**Aim of the exercise:** Precisely the lines from the one with "(y - inverse" through the end of the data, both included, must make up the response, each restated word for word.

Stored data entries
****************

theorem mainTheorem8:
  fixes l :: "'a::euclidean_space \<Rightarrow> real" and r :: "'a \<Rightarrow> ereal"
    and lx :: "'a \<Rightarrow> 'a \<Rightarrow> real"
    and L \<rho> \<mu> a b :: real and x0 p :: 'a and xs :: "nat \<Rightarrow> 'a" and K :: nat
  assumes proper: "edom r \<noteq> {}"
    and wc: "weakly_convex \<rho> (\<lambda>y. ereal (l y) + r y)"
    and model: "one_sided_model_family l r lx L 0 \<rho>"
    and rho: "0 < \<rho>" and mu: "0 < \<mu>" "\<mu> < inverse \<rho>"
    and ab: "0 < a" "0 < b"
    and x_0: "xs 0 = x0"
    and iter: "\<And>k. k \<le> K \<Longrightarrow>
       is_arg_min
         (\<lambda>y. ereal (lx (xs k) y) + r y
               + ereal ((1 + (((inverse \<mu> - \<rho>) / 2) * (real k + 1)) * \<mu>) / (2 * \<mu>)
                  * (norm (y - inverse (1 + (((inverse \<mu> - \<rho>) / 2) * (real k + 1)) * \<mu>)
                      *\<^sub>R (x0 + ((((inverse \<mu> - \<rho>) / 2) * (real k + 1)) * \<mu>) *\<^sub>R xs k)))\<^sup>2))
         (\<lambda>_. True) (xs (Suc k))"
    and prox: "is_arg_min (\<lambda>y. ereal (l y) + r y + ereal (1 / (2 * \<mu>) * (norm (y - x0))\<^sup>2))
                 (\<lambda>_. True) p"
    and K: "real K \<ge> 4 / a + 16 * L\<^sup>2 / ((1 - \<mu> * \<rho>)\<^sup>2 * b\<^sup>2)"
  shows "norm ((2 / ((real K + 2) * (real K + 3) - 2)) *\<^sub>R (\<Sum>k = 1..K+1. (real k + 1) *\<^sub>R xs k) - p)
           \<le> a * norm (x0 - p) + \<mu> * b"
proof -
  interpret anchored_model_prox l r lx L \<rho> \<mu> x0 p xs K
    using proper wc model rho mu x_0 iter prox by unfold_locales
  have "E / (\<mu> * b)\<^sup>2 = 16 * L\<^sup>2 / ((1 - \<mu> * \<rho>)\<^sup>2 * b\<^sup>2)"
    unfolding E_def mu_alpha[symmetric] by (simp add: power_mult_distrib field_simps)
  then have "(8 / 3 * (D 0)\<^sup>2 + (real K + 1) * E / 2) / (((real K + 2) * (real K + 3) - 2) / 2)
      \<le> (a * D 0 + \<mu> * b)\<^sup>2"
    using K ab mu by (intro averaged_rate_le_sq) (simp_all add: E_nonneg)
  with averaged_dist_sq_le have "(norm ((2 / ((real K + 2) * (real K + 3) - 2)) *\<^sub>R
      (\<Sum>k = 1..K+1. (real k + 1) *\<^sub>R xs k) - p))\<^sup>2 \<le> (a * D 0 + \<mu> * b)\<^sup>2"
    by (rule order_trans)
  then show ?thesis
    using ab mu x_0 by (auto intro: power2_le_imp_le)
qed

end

****************

**Exercise response:**
                  * (norm (y - inverse (1 + (((inverse \<mu> - \<rho>) / 2) * (real k + 1)) * \<mu>)
                      *\<^sub>R (x0 + ((((inverse \<mu> - \<rho>) / 2) * (real k + 1)) * \<mu>) *\<^sub>R xs k)))\<^sup>2))
         (\<lambda>_. True) (xs (Suc k))"
    and prox: "is_arg_min (\<lambda>y. ereal (l y) + r y + ereal (1 / (2 * \<mu>) * (norm (y - x0))\<^sup>2))
                 (\<lambda>_. True) p"
    and K: "real K \<ge> 4 / a + 16 * L\<^sup>2 / ((1 - \<mu> * \<rho>)\<^sup>2 * b\<^sup>2)"
  shows "norm ((2 / ((real K + 2) * (real K + 3) - 2)) *\<^sub>R (\<Sum>k = 1..K+1. (real k + 1) *\<^sub>R xs k) - p)
           \<le> a * norm (x0 - p) + \<mu> * b"
proof -
  interpret anchored_model_prox l r lx L \<rho> \<mu> x0 p xs K
    using proper wc model rho mu x_0 iter prox by unfold_locales
  have "E / (\<mu> * b)\<^sup>2 = 16 * L\<^sup>2 / ((1 - \<mu> * \<rho>)\<^sup>2 * b\<^sup>2)"
    unfolding E_def mu_alpha[symmetric] by (simp add: power_mult_distrib field_simps)
  then have "(8 / 3 * (D 0)\<^sup>2 + (real K + 1) * E / 2) / (((real K + 2) * (real K + 3) - 2) / 2)
      \<le> (a * D 0 + \<mu> * b)\<^sup>2"
    using K ab mu by (intro averaged_rate_le_sq) (simp_all add: E_nonneg)
  with averaged_dist_sq_le have "(norm ((2 / ((real K + 2) * (real K + 3) - 2)) *\<^sub>R
      (\<Sum>k = 1..K+1. (real k + 1) *\<^sub>R xs k) - p))\<^sup>2 \<le> (a * D 0 + \<mu> * b)\<^sup>2"
    by (rule order_trans)
  then show ?thesis
    using ab mu x_0 by (auto intro: power2_le_imp_le)
qed

end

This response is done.